The woman who foresaw 9/11 predicts a nuclear explosion for 2023

The following article was obtained through StarsInsider

Who is Baba Vanga?

Baba Vanga was a world-famous mystic who grew up in Bulgaria. She has often been referred to as the Nostradamus of the Balkans for her grand predictions. 

The origins of her gift

She grew up on a farm and was blinded in a dust storm when she was 12 years old. She said that this was the moment she received a gift from God to see into the future. 

The first signs

According to baba-vanga.com, she began to exhibit strange behavior around the age of 18. She left a home for the blind where she had spent her teen years and returned to live with her family in what is now North Macedonia. She began to have visions and strange dreams, and would speak to the dead.

Vanga's posthumous prophecies

She died in 1996 at the age of 75, but by that time had already made many far-reaching predictions about the future.

Foreseeing the fate of the Earth

In the 1950s, she made a prediction that seemed to herald climate change and the devastating tsunami that occurred in the Indian Ocean on December 26, 2004.

Vanga is believed to have said, “Cold regions will become warm … and volcanoes will awaken. A huge wave will cover a big coast covered with people and towns, and everything will disappear beneath the water. Everything will melt, just like ice.”

The Kursk submarine disaster

It’s rumored that she predicted a famous disaster that occurred in Russia in the year 2000. The Kursk submarine sank during a major Russian naval exercise and all of its 118 crew members were killed.

Her most famous prediction

One year later, her supporters claimed that she had once again predicted a major world event. It’s reported that she made a prediction that closely matched the details of the September 11 terrorist attack in the US.

The 9/11 prophecy

Vanga is believed to have said, “The American brothers will fall after being attacked by the steel birds. The wolves will be howling in a bush, and innocent blood will be gushing."

Her reputation for accuracy

These events helped to solidify Vanga’s reputation as a psychic among her followers. Many say that her predictions are extremely reliable. One researcher, the late Bulgarian psychiatrist Professor Georgi Lozanov, calculated that she has an 85% accuracy rate!

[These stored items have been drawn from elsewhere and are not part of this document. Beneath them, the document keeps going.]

(* Let $K_{m_1,m_2}$ be the complete bipartite graph with bipartition $(X,Y)$, $X=\{x_1,\dots,x_{m_1}\}$, $Y=\{y_1,\dots,y_{m_2}\}$, where $2\le m_1\le m_2$. Let $s$ and $i$ be integers with $\max\{1,s-m_2\}\le i\le \min\{m_1,s-1\}$ and $s\ge m_2-m_1+3$, and let $S_i=\{x_1,\dots,x_i,y_1,\dots,y_{s-i}\}$. If $2i> m_1+s-m_2$, then $$\kappa^*_{K_{m_1,m_2}}(S_i)\ge\begin{cases} m_1-i+\left\lfloor\frac{i}{2}\right\rfloor, & \text{if } m_1+s-m_2<2i\le \frac{4(m_1+s-m_2)}{3},\\[2pt] m_2-s+i, & \text{if } \frac{4(m_1+s-m_2)}{3}<2i\le 2(m_1+s-m_2),\\[2pt] m_1, & \text{if } 2i>2(m_1+s-m_2).\end{cases}$$
   Context: For $S\subseteq V(G)$ with $|S|\ge 2$, an $S$-Steiner tree of $G$ is a subtree $T$ of $G$ with $S\subseteq V(T)$ all of whose leaves belong to $S$. A family of $S$-Steiner trees $T_1,\dots,T_k$ is completely independent if for all $1\le p<q\le k$: $E(T_p)\cap E(T_q)=\emptyset$, $V(T_p)\cap V(T_q)=S$, and for any two vertices $x_1,x_2\in S$ the $(x_1,x_2)$-paths in $T_p$ and in $T_q$ are internally disjoint. $\kappa^*_G(S)$ is the maximum number of trees in a completely independent family of $S$-Steiner trees in $G$. *)

theory Defs
  imports Main
begin

type_synonym 'a graph = "'a set \<times> 'a set set"

definition verts :: "'a graph \<Rightarrow> 'a set" where "verts G = fst G"
definition edges :: "'a graph \<Rightarrow> 'a set set" where "edges G = snd G"

definition is_graph :: "'a graph \<Rightarrow> bool" where
  "is_graph G \<longleftrightarrow> finite (verts G) \<and>
     (\<forall>e\<in>edges G. \<exists>u v. e = {u, v} \<and> u \<noteq> v \<and> u \<in> verts G \<and> v \<in> verts G)"

definition subgraph :: "'a graph \<Rightarrow> 'a graph \<Rightarrow> bool" where
  "subgraph T G \<longleftrightarrow> is_graph T \<and> verts T \<subseteq> verts G \<and> edges T \<subseteq> edges G"

definition is_path :: "'a graph \<Rightarrow> 'a \<Rightarrow> 'a \<Rightarrow> 'a list \<Rightarrow> bool" where
  "is_path H x y P \<longleftrightarrow> P \<noteq> [] \<and> hd P = x \<and> last P = y \<and> distinct P \<and>
     set P \<subseteq> verts H \<and> (\<forall>j. Suc j < length P \<longrightarrow> {P ! j, P ! Suc j} \<in> edges H)"

definition internal :: "'a list \<Rightarrow> 'a set" where
  "internal P = set (butlast (tl P))"

definition connected_graph :: "'a graph \<Rightarrow> bool" where
  "connected_graph H \<longleftrightarrow> (\<forall>x\<in>verts H. \<forall>y\<in>verts H. \<exists>P. is_path H x y P)"

definition is_cycle :: "'a graph \<Rightarrow> 'a list \<Rightarrow> bool" where
  "is_cycle H C \<longleftrightarrow> length C \<ge> 3 \<and> is_path H (hd C) (last C) C \<and> {last C, hd C} \<in> edges H"

definition is_tree :: "'a graph \<Rightarrow> bool" where
  "is_tree H \<longleftrightarrow> is_graph H \<and> verts H \<noteq> {} \<and> connected_graph H \<and> (\<nexists>C. is_cycle H C)"

definition degree :: "'a graph \<Rightarrow> 'a \<Rightarrow> nat" where
  "degree H v = card {e \<in> edges H. v \<in> e}"

definition leaves :: "'a graph \<Rightarrow> 'a set" where
  "leaves H = {v \<in> verts H. degree H v = 1}"

definition steiner_tree :: "'a graph \<Rightarrow> 'a set \<Rightarrow> 'a graph \<Rightarrow> bool" where
  "steiner_tree G S T \<longleftrightarrow> subgraph T G \<and> is_tree T \<and> S \<subseteq> verts T \<and> leaves T \<subseteq> S"

definition compl_indep_family :: "'a graph \<Rightarrow> 'a set \<Rightarrow> nat \<Rightarrow> (nat \<Rightarrow> 'a graph) \<Rightarrow> bool" where
  "compl_indep_family G S k T \<longleftrightarrow>
     (\<forall>p<k. steiner_tree G S (T p)) \<and>
     (\<forall>p q. p < q \<and> q < k \<longrightarrow>
        edges (T p) \<inter> edges (T q) = {} \<and>
        verts (T p) \<inter> verts (T q) = S \<and>
        (\<forall>x1\<in>S. \<forall>x2\<in>S. \<forall>P Q. is_path (T p) x1 x2 P \<and> is_path (T q) x1 x2 Q
            \<longrightarrow> internal P \<inter> internal Q = {}))"

definition kappa_star :: "'a graph \<Rightarrow> 'a set \<Rightarrow> nat" where
  "kappa_star G S = Sup {k. \<exists>T. compl_indep_family G S k T}"

text \<open>Complete bipartite graph K_{m1,m2} with X = {Inl 1..Inl m1}, Y = {Inr 1..Inr m2}.\<close>
definition complete_bipartite :: "nat \<Rightarrow> nat \<Rightarrow> (nat + nat) graph" where
  "complete_bipartite m1 m2 =
     (Inl ` {1..m1} \<union> Inr ` {1..m2},
      {{Inl a, Inr b} | a b. a \<in> {1..m1} \<and> b \<in> {1..m2}})"

definition S_set :: "nat \<Rightarrow> nat \<Rightarrow> (nat + nat) set" where
  "S_set s i = Inl ` {1..i} \<union> Inr ` {1..s - i}"

end

theory Submission
  imports Defs
begin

So, what has she got lined up for 2023? 

2023: the Earth's orbit will change

Baba Vanga made five major predictions for 2023. The first was that the Earth's orbit will "change" somehow. The Earth's orbit of the sun is known to change infinitesimally over tens of thousands of years, but a more sudden change would have devastating effects. Moving closer to the sun would accelerate global warming, and moving further away would plunge us into an ice age. 

2023: a solar tsunami is coming

She also predicted that a powerful solar storm the likes of which we've never seen will occur in 2023. Solar storms are disturbances on the sun that can emanate out into our solar system and impact the Earth. Some have interpreted her words to mean a solar tsunami is coming. This is a rarely-seen phenomenon where a powerful plasma wave ripples across the sun and into the surrounding space climate. It could be devastating for Earth, causing blackouts and failures in technology.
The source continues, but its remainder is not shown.